Start at the line with "t \<alpha> \<gamma> :: real" in the records below, stop at the line with "using assms by", and return every line in that span exactly, the two end lines included.
╭──
lemma hardy_exterior:
  fixes u u' :: "real \<Rightarrow> real" and t \<alpha> \<gamma> :: real
  assumes "0 < \<gamma>" "\<alpha> \<le> 2" "C1_0_halfline u u'" "0 \<le> t"
  shows "\<gamma> / 2 * (LINT r:{t..}|lborel. (u r)\<^sup>2 / (1 + \<bar>r - t\<bar>) powr (1 - \<gamma>) * r\<^sup>2 / (1 + t + r) powr \<alpha>)
       + (u t)\<^sup>2 * t\<^sup>2 / (1 + t + t) powr \<alpha>
     \<le> 2 / \<gamma> * (LINT r:{t..}|lborel. (u' r)\<^sup>2 * (1 + \<bar>r - t\<bar>) powr (1 + \<gamma>) / (1 + t + r) powr \<alpha> * r\<^sup>2)"
proof -
  obtain W' where W':
    "\<And>r S. 0 \<le> r \<Longrightarrow> ((\<lambda>r. r\<^sup>2 / (1 + t + r) powr \<alpha>) has_real_derivative W' r) (at r within S)"
    "\<And>r. 0 \<le> r \<Longrightarrow> 0 \<le> W' r"
    using radial_weight_has_nonneg_deriv assms(2,4) by blast
  have "eventually (\<lambda>r. t \<le> r \<and> u r = 0 \<and> u' r = 0) at_top"
    using C1_0_halfline_eventually_zero[OF assms(3)] eventually_ge_at_top[of t]
    by eventually_elim simp
  then obtain R where R: "\<And>r. R \<le> r \<Longrightarrow> t \<le> r \<and> u r = 0 \<and> u' r = 0"
    by (auto simp: eventually_at_top_linorder)
  then have "t \<le> R"
    by blast
  note u = C1_0_halfline_restrict[OF assms(3,4), where b = R]
  have x: "((\<lambda>r. 1 + r - t) has_real_derivative 1) (at r within {t..R})" for r
    by (auto intro!: derivative_eq_intros)
  have "1 * \<gamma> / 2 * (LINT r:{t..R}|lborel. (u r)\<^sup>2 * (1 + r - t) powr (\<gamma> - 1) * (r\<^sup>2 / (1 + t + r) powr \<alpha>))
      - 2 / (1 * \<gamma>) * (LINT r:{t..R}|lborel. (u' r)\<^sup>2 * (1 + r - t) powr (\<gamma> + 1) * (r\<^sup>2 / (1 + t + r) powr \<alpha>))
     \<le> (u R)\<^sup>2 * (1 + R - t) powr \<gamma> * (R\<^sup>2 / (1 + t + R) powr \<alpha>)
      - (u t)\<^sup>2 * (1 + t - t) powr \<gamma> * (t\<^sup>2 / (1 + t + t) powr \<alpha>)"
    using assms by (intro weighted_hardy_power[OF \<open>t \<le> R\<close> u x W'(1)]) (auto intro: W'(2))
  moreover have "(LINT r:{t..}|lborel. (u r)\<^sup>2 / (1 + \<bar>r - t\<bar>) powr (1 - \<gamma>) * r\<^sup>2 / (1 + t + r) powr \<alpha>)
      = (LINT r:{t..R}|lborel. (u r)\<^sup>2 * (1 + r - t) powr (\<gamma> - 1) * (r\<^sup>2 / (1 + t + r) powr \<alpha>))"
    using R by (subst set_integral_atLeast_eq_atLeastAtMost[where b = R])
      (auto intro!: set_lebesgue_integral_cong simp: divide_powr_uminus add_diff_eq)
  moreover have "(LINT r:{t..}|lborel. (u' r)\<^sup>2 * (1 + \<bar>r - t\<bar>) powr (1 + \<gamma>) / (1 + t + r) powr \<alpha> * r\<^sup>2)
      = (LINT r:{t..R}|lborel. (u' r)\<^sup>2 * (1 + r - t) powr (\<gamma> + 1) * (r\<^sup>2 / (1 + t + r) powr \<alpha>))"
    using R by (subst set_integral_atLeast_eq_atLeastAtMost[where b = R])
      (auto intro!: set_lebesgue_integral_cong simp: add_diff_eq ac_simps)
  moreover have "u R = 0"
    using R by blast
  ultimately show ?thesis
    by simp
qed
╰──
» **Answer box**:
  fixes u u' :: "real \<Rightarrow> real" and t \<alpha> \<gamma> :: real
  assumes "0 < \<gamma>" "\<alpha> \<le> 2" "C1_0_halfline u u'" "0 \<le> t"
  shows "\<gamma> / 2 * (LINT r:{t..}|lborel. (u r)\<^sup>2 / (1 + \<bar>r - t\<bar>) powr (1 - \<gamma>) * r\<^sup>2 / (1 + t + r) powr \<alpha>)
       + (u t)\<^sup>2 * t\<^sup>2 / (1 + t + t) powr \<alpha>
     \<le> 2 / \<gamma> * (LINT r:{t..}|lborel. (u' r)\<^sup>2 * (1 + \<bar>r - t\<bar>) powr (1 + \<gamma>) / (1 + t + r) powr \<alpha> * r\<^sup>2)"
proof -
  obtain W' where W':
    "\<And>r S. 0 \<le> r \<Longrightarrow> ((\<lambda>r. r\<^sup>2 / (1 + t + r) powr \<alpha>) has_real_derivative W' r) (at r within S)"
    "\<And>r. 0 \<le> r \<Longrightarrow> 0 \<le> W' r"
    using radial_weight_has_nonneg_deriv assms(2,4) by blast
  have "eventually (\<lambda>r. t \<le> r \<and> u r = 0 \<and> u' r = 0) at_top"
    using C1_0_halfline_eventually_zero[OF assms(3)] eventually_ge_at_top[of t]
    by eventually_elim simp
  then obtain R where R: "\<And>r. R \<le> r \<Longrightarrow> t \<le> r \<and> u r = 0 \<and> u' r = 0"
    by (auto simp: eventually_at_top_linorder)
  then have "t \<le> R"
    by blast
  note u = C1_0_halfline_restrict[OF assms(3,4), where b = R]
  have x: "((\<lambda>r. 1 + r - t) has_real_derivative 1) (at r within {t..R})" for r
    by (auto intro!: derivative_eq_intros)
  have "1 * \<gamma> / 2 * (LINT r:{t..R}|lborel. (u r)\<^sup>2 * (1 + r - t) powr (\<gamma> - 1) * (r\<^sup>2 / (1 + t + r) powr \<alpha>))
      - 2 / (1 * \<gamma>) * (LINT r:{t..R}|lborel. (u' r)\<^sup>2 * (1 + r - t) powr (\<gamma> + 1) * (r\<^sup>2 / (1 + t + r) powr \<alpha>))
     \<le> (u R)\<^sup>2 * (1 + R - t) powr \<gamma> * (R\<^sup>2 / (1 + t + R) powr \<alpha>)
      - (u t)\<^sup>2 * (1 + t - t) powr \<gamma> * (t\<^sup>2 / (1 + t + t) powr \<alpha>)"
    using assms by (intro weighted_hardy_power[OF \<open>t \<le> R\<close> u x W'(1)]) (auto intro: W'(2))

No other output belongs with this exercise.